发布时间：2018-04-11 08:28

本文选题：聚合物 + 钙钛矿　；参考：《南昌大学》2017年硕士论文

【摘要】：聚合物光伏器件在最近十几年引起了极大的关注,由于其具有的低成本,质量轻,柔性制备以及将来可能的大面积的溶液加工制备的优势。在发展迅速的新型给受体材料制备和界面工程调控中,单节的光伏器件已经超过10%的效率。
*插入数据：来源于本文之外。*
lemma mean_cong:
  assumes "\<And>S. S \<subseteq> {1..n} \<Longrightarrow> F S = G S"
  shows "mean S0 t F = mean S0 t G"
  unfolding mean_def using assms by (auto intro!: sum.cong)

lemma mean_mono:
  assumes "\<And>S. S \<subseteq> {1..n} \<Longrightarrow> F S \<le> G S"
  shows "mean S0 t F \<le> mean S0 t G"
  unfolding mean_def using assms by (auto intro!: sum_mono mult_left_mono state_prob_nonneg)

lemma mean_add: "mean S0 t (\<lambda>S. F S + G S) = mean S0 t F + mean S0 t G"
  unfolding mean_def by (simp add: distrib_left sum.distrib)

lemma mean_cmult: "mean S0 t (\<lambda>S. c * F S) = c * mean S0 t F"
  unfolding mean_def by (simp add: sum_distrib_left mult_ac)

lemma mean_const:
  assumes "S0 \<subseteq> {1..n}"
  shows "mean S0 t (\<lambda>_. c) = c"
proof (induction t)
  case (Suc t)
  show ?case unfolding mean_Suc
    using mean_cong[of "\<lambda>S. expect S (\<lambda>_. c)" "\<lambda>_. c"] by (simp add: expect_const Suc.IH)
qed (simp add: mean_0[OF assms])

lemma mean_indicator:
  assumes "T \<subseteq> {1..n}"
  shows "mean S0 t (\<lambda>S. of_bool (S = T)) = state_prob S0 t T"
proof -
  have "mean S0 t (\<lambda>S. of_bool (S = T)) = (\<Sum>S\<in>Pow {1..n}. if S = T then state_prob S0 t S else 0)"
    unfolding mean_def by (intro sum.cong) auto
  thus ?thesis using assms by (simp add: sum.delta')
qed

lemma mean_drift:
  assumes "S0 \<subseteq> {1..n}" and drift: "\<And>S. S \<subseteq> {1..n} \<Longrightarrow> F S + d S \<le> expect S F"
  shows "F S0 + (\<Sum>s<t. mean S0 s d) \<le> mean S0 t F"
proof (induction t)
  case (Suc t)
  have "mean S0 t F + mean S0 t d \<le> mean S0 (Suc t) F"
    unfolding mean_Suc mean_add[symmetric] by (rule mean_mono[OF drift])
  thus ?case using Suc.IH by simp
qed (simp add: mean_0[OF assms(1)])

lemma state_prob_le_1:
  assumes "S0 \<subseteq> {1..n}" "T \<subseteq> {1..n}"
  shows "state_prob S0 t T \<le> 1"
proof -
  have "mean S0 t (\<lambda>S. of_bool (S = T)) \<le> mean S0 t (\<lambda>_. 1)"
    by (rule mean_mono) simp
  thus ?thesis using mean_indicator[OF assms(2)] mean_const[OF assms(1)] by simp
qed

lemma state_prob_full_mono: "state_prob S0 t {1..n} \<le> state_prob S0 (Suc t) {1..n}"
proof -
  have "state_prob S0 t {1..n} * moran_trans n r WR WM {1..n} {1..n}
      \<le> (\<Sum>S\<in>Pow {1..n}. state_prob S0 t S * moran_trans n r WR WM S {1..n})"
    by (rule member_le_sum[where f = "\<lambda>S. state_prob S0 t S * moran_trans n r WR WM S {1..n}"])
      (auto intro!: mult_nonneg_nonneg state_prob_nonneg moran_trans_nonneg)
  thus ?thesis by (simp add: moran_trans_def)
qed

lemma Lyapunov_uniform_drift:
  assumes Lyapunov: "\<And>S. S \<subseteq> {1..n} \<Longrightarrow> transient S \<Longrightarrow> \<Psi> S < expect S \<Psi>"
  obtains \<epsilon> where "\<epsilon> > 0" "\<And>S. S \<subseteq> {1..n} \<Longrightarrow> \<Psi> S + \<epsilon> * of_bool (transient S) \<le> expect S \<Psi>"
proof
  define gain where "gain = (\<lambda>S. expect S \<Psi> - \<Psi> S) ` {S \<in> Pow {1..n}. transient S}"
  define \<epsilon> where "\<epsilon> = Min (insert 1 gain)"
  have "finite gain" unfolding gain_def by simp
  moreover have "\<forall>a\<in>gain. 0 < a"
  proof
    fix a assume "a \<in> gain"
    then obtain S where S: "S \<subseteq> {1..n}" "transient S" and a: "a = expect S \<Psi> - \<Psi> S"
      unfolding gain_def by blast
    show "0 < a" using Lyapunov[OF S] a by simp
  qed
  ultimately show "\<epsilon> > 0" unfolding \<epsilon>_def by (subst Min_gr_iff) auto
  show "\<Psi> S + \<epsilon> * of_bool (transient S) \<le> expect S \<Psi>" if S: "S \<subseteq> {1..n}" for S
  proof (cases "transient S")
    case True
    have "expect S \<Psi> - \<Psi> S \<in> gain" unfolding gain_def using S True by blast
    hence "\<epsilon> \<le> expect S \<Psi> - \<Psi> S" unfolding \<epsilon>_def by (intro Min_le) (auto simp: gain_def)
    thus ?thesis using True by simp
  next
    case False
    hence no_gain: "of_bool (transient S) = (0::real)" by (subst of_bool_eq_0_iff)
    show ?thesis unfolding no_gain expect_absorbing[OF S False] by simp
  qed
qed

text \<open>A uniform drift of a bounded function makes the expected time spent in transient states
  finite.\<close>
lemma transient_mass_tendsto_0:
  assumes S0: "S0 \<subseteq> {1..n}"
    and Lyapunov: "\<And>S. S \<subseteq> {1..n} \<Longrightarrow> transient S \<Longrightarrow> \<Psi> S < expect S \<Psi>"
  shows "(\<lambda>t. mean S0 t (\<lambda>S. of_bool (transient S))) \<longlonglongrightarrow> 0"
proof -
  obtain \<epsilon> where \<epsilon>_pos: "\<epsilon> > 0"
    and drift: "\<And>S. S \<subseteq> {1..n} \<Longrightarrow> \<Psi> S + \<epsilon> * of_bool (transient S) \<le> expect S \<Psi>"
    using Lyapunov_uniform_drift[OF Lyapunov] by blast
  define m where "m t = mean S0 t (\<lambda>S. of_bool (transient S))" for t
  define B where "B = Max ((\<lambda>S. \<bar>\<Psi> S\<bar>) ` Pow {1..n})"
  have B: "\<bar>\<Psi> S\<bar> \<le> B" if "S \<subseteq> {1..n}" for S
    unfolding B_def using that by (intro Max_ge) auto
  have m_nonneg: "m t \<ge> 0" for t
    using mean_mono[of "\<lambda>_. 0" "\<lambda>S. of_bool (transient S)" S0 t] mean_const[OF S0] by (simp add: m_def)
  have "\<epsilon> * (\<Sum>s<t. m s) \<le> 2 * B" for t
  proof -
    have "\<Psi> S0 + (\<Sum>s<t. mean S0 s (\<lambda>S. \<epsilon> * of_bool (transient S))) \<le> mean S0 t \<Psi>"
      by (rule mean_drift[OF S0 drift])
    also have "\<dots> \<le> mean S0 t (\<lambda>_. B)" by (rule mean_mono) (rule abs_le_D1[OF B])
    also have "\<dots> = B" by (rule mean_const[OF S0])
    finally have "\<Psi> S0 + \<epsilon> * (\<Sum>s<t. m s) \<le> B"
      unfolding mean_cmult m_def sum_distrib_left .
    thus ?thesis using B[OF S0] by linarith
  qed
  hence "(\<Sum>s<t. m s) \<le> 2 * B / \<epsilon>" for t
    using \<epsilon>_pos by (simp add: field_simps)
  hence "summable m" by (rule summableI_nonneg_bounded[OF m_nonneg])
  thus ?thesis unfolding m_def[symmetric] by (rule summable_LIMSEQ_zero)
qed

lemma fixation_prob_limit:
  "(\<lambda>t. (\<Sum>i\<in>{1..n}. state_prob {i} t {1..n}) / real n) \<longlonglongrightarrow> fixation_prob n r WR WM"
proof -
  define P where "P t = (\<Sum>i\<in>{1..n}. state_prob {i} t {1..n}) / real n" for t
  have "incseq P" unfolding P_def
    by (intro incseq_SucI divide_right_mono sum_mono state_prob_full_mono) auto
  moreover have "P t \<le> 1" for t
  proof -
    have "(\<Sum>i\<in>{1..n}. state_prob {i} t {1..n}) \<le> (\<Sum>i\<in>{1..n}. 1)"
      by (intro sum_mono state_prob_le_1) auto
    thus ?thesis unfolding P_def by (simp add: divide_le_eq)
  qed
  ultimately have "P \<longlonglongrightarrow> (SUP t. P t)" by (intro LIMSEQ_incseq_SUP bdd_aboveI2[where M = 1])
  moreover from this have "fixation_prob n r WR WM = (SUP t. P t)"
    unfolding fixation_prob_def P_def[symmetric] by (rule limI)
  ultimately show ?thesis unfolding P_def by simp
qed

text \<open>For the submartingale \<open>g\<close>: \<open>g {i} \<le> E g(S\<^sub>t) \<le> P(S\<^sub>t = V) + P(S\<^sub>t transient)\<close>, and the
  last term vanishes as \<open>t \<rightarrow> \<infinity>\<close>.\<close>
lemma fixation_prob_ge:
  assumes Lyapunov: "\<And>S. S \<subseteq> {1..n} \<Longrightarrow> transient S \<Longrightarrow> \<Psi> S < expect S \<Psi>"
    and subharmonic: "\<And>S. S \<subseteq> {1..n} \<Longrightarrow> g S \<le> expect S g"
    and le_1: "\<And>S. S \<subseteq> {1..n} \<Longrightarrow> g S \<le> 1" and empty: "g {} \<le> 0"
  shows "(\<Sum>i\<in>{1..n}. g {i}) / real n \<le> fixation_prob n r WR WM"
proof -
  define m where "m i t = mean {i} t (\<lambda>S. of_bool (transient S))" for i t
  have low: "g {i} - m i t \<le> state_prob {i} t {1..n}" if i: "i \<in> {1..n}" for i t
  proof -
    have S0: "{i} \<subseteq> {1..n}" using i by simp
    have "g {i} \<le> mean {i} t g"
      using mean_drift[OF S0, of g "\<lambda>_. 0" t] subharmonic mean_const[OF S0, of _ 0] by simp
    also have "\<dots> \<le> mean {i} t (\<lambda>S. of_bool (S = {1..n}) + of_bool (transient S))"
      by (rule mean_mono) (use le_1 empty in auto)
    finally show ?thesis unfolding mean_add mean_indicator[OF order_refl] m_def by simp
  qed
  have "(\<Sum>i\<in>{1..n}. g {i}) - (\<Sum>i\<in>{1..n}. m i t) \<le> (\<Sum>i\<in>{1..n}. state_prob {i} t {1..n})" for t
    unfolding sum_subtractf[symmetric] by (rule sum_mono) (rule low)
  hence ev: "eventually (\<lambda>t. ((\<Sum>i\<in>{1..n}. g {i}) - (\<Sum>i\<in>{1..n}. m i t)) / real n
      \<le> (\<Sum>i\<in>{1..n}. state_prob {i} t {1..n}) / real n) sequentially"
    by (intro always_eventually allI divide_right_mono) auto
  have lim: "(\<lambda>t. ((\<Sum>i\<in>{1..n}. g {i}) - (\<Sum>i\<in>{1..n}. m i t)) / real n)
      \<longlonglongrightarrow> ((\<Sum>i\<in>{1..n}. g {i}) - (\<Sum>i\<in>{1..n}. 0)) / real n"
  proof -
    have "(\<lambda>t. \<Sum>i\<in>{1..n}. m i t) \<longlonglongrightarrow> (\<Sum>i\<in>{1..n}. 0)"
      unfolding m_def by (intro tendsto_sum transient_mass_tendsto_0[OF _ Lyapunov]) simp
    thus ?thesis unfolding divide_inverse by (intro tendsto_mult_right tendsto_diff tendsto_const)
  qed
  show ?thesis using tendsto_le[OF trivial_limit_sequentially fixation_prob_limit lim ev] by simp
qed

end

lemma undirected_weights_nonneg: "undirected_weights n E i j \<ge> 0"
  by (simp add: undirected_weights_def)

lemma undirected_weights_row_sum:
  assumes "i \<in> {1..n}" "\<exists>k\<in>{1..n}. E i k"
  shows "(\<Sum>j\<in>{1..n}. undirected_weights n E i j) = 1"
proof -
  have "(\<Sum>j\<in>{1..n}. undirected_weights n E i j)
      = (\<Sum>j\<in>{k \<in> {1..n}. E i k}. 1 / real (card {k \<in> {1..n}. E i k}))"
    unfolding undirected_weights_def using assms(1) by (simp add: sum.inter_filter[symmetric])
  also have "\<dots> = 1"
  proof -
    have "{k \<in> {1..n}. E i k} \<noteq> {}" using assms(2) by blast
    thus ?thesis by (simp add: card_gt_0_iff)
  qed
  finally show ?thesis .
qed

lemma clique_weights:
  assumes "i \<in> {1..n}" "j \<in> {1..n}"
  shows "undirected_weights n clique_edge i j = (if i = j then 0 else 1 / (real n - 1))"
proof -
  have "{k \<in> {1..n}. clique_edge i k} = {1..n} - {i}" by (auto simp: clique_edge_def)
  hence "card {k \<in> {1..n}. clique_edge i k} = n - 1" using assms(1) by simp
  thus ?thesis using assms by (simp add: undirected_weights_def clique_edge_def of_nat_diff)
qed

lemma star_weights:
  assumes "i \<in> {1..n}" "j \<in> {1..n}"
  shows "undirected_weights n star_edge i j =
    (if i = 1 then (if j = 1 then 0 else 1 / (real n - 1)) else of_bool (j = 1))"
proof (cases "i = 1")
  case True
  have "{k \<in> {1..n}. star_edge 1 k} = {1..n} - {1}" by (auto simp: star_edge_def)
  hence "card {k \<in> {1..n}. star_edge 1 k} = n - 1" using assms(1) by simp
  thus ?thesis using assms True by (simp add: undirected_weights_def star_edge_def of_nat_diff)
next
  case False
  have "{k \<in> {1..n}. star_edge i k} = {1}" using False assms by (auto simp: star_edge_def)
  thus ?thesis using assms False by (auto simp: undirected_weights_def star_edge_def)
qed

locale star_clique =
  fixes n :: nat and r :: real
  assumes two_le_n: "2 \<le> n" and r_pos: "r > 0"

sublocale star_clique \<subseteq> moran_process n r "undirected_weights n star_edge" "undirected_weights n clique_edge"
proof
  fix i assume i: "i \<in> {1..n}"
  define k :: nat where "k = (if i = 1 then 2 else 1)"
  have "k \<in> {1..n}" "star_edge i k" "clique_edge i k"
    using two_le_n by (auto simp: k_def star_edge_def clique_edge_def)
  hence "\<exists>k\<in>{1..n}. star_edge i k" "\<exists>k\<in>{1..n}. clique_edge i k" by blast+
  thus "(\<Sum>j\<in>{1..n}. undirected_weights n star_edge i j) = 1"
    "(\<Sum>j\<in>{1..n}. undirected_weights n clique_edge i j) = 1"
    by (simp_all only: undirected_weights_row_sum[OF i])
qed (simp_all add: r_pos undirected_weights_nonneg)

text \<open>The process is symmetric under permutations of the leaves, so it suffices to track the type
  of the centre 1 and the number of mutant leaves.\<close>
definition by_type :: "(bool \<Rightarrow> nat \<Rightarrow> real) \<Rightarrow> nat set \<Rightarrow> real" where
  "by_type \<phi> S = \<phi> (1 \<in> S) (card (S - {1}))"

context star_clique
begin

lemma clique_growth_sum:
  assumes "i \<in> S" "S \<subseteq> {1..n}"
  shows "(\<Sum>j\<in>{1..n}. undirected_weights n clique_edge i j * (F (insert j S) - F S))
    = (\<Sum>j\<in>{1..n} - S. F (insert j S) - F S) / (real n - 1)"
proof -
  have "(\<Sum>j\<in>{1..n}. undirected_weights n clique_edge i j * (F (insert j S) - F S))
      = (\<Sum>j\<in>{1..n}. (F (insert j S) - F S) / (real n - 1))"
  proof (intro sum.cong refl)
    fix j assume j: "j \<in> {1..n}"
    have i: "i \<in> {1..n}" using assms by auto
    show "undirected_weights n clique_edge i j * (F (insert j S) - F S) = (F (insert j S) - F S) / (real n - 1)"
      using assms(1) by (cases "j = i") (simp_all add: clique_weights[OF i j] insert_absorb)
  qed
  also have "\<dots> = (\<Sum>j\<in>{1..n} - S. (F (insert j S) - F S) / (real n - 1))"
    using assms by (intro sum.mono_neutral_right) (auto simp: insert_absorb)
  finally show ?thesis by (simp add: sum_divide_distrib)
qed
然而由于聚合物光伏器件中的有机材料电荷迁移率较低,大部分的高性能器件均采用的是制备较薄的活性层和界面层的方法。因此,现在研究的重点大多集中在发明新型的具有高的电荷迁移率的活性层及界面层材料,这样才能够制备厚度不敏感的器件。在反向太阳能器件中,氧化锌是一种非常常用的电子传输层材料。在这里,我们报告一种通过原位生长乙二硫醇掺杂的氧化锌制备电子传输层的方法,有效的提高了反向聚合物太阳能电池的效率。氧化锌与乙二硫醇中巯基的强相互作用有利于钝化氧化锌的表面缺陷以及提高氧化锌的电子迁移能力并形成平滑均一的薄膜。相对于纯氧化锌薄膜而言,氧化锌与乙二硫醇的共混膜提升了电荷取出效率和光生载流子的产生。因此,氧化锌与乙二硫醇的共混膜作为电子传输层的基于窄带隙活性层PTB7和PC71BM的反向聚合物太阳能电池获得了8.0%的转换效率。卤化铅的钙钛矿光伏器件由于其优越的光伏性能吸引了巨大的关注,然而,由于钙钛矿材料以及传输层材料导致器件的稳定性差,无法在大气环境中维持器件的正常效率,从而阻碍了钙钛矿器件的发展。现在我们报道了一种在低温下可溶液加工的卤化铅钙钛矿电池,阴阳极界面层均使用金属氧化物,分别为n型的氧化铈和p型的氧化镍。制备的钙钛矿光伏器件具有不错的器件效率和良好的稳定性。制备的器件为p-i-n结构(ITO/NiOx/perovskite/Ce Ox/Ag),在器件中氧化铈将钙钛矿光活性层和顶电极Ag分隔开,避免了钙钛矿对上层的渗透。在放置200小时后,器件的效率依然保持有最初的90%,而不像使用PCBM的器件那样迅速的衰减。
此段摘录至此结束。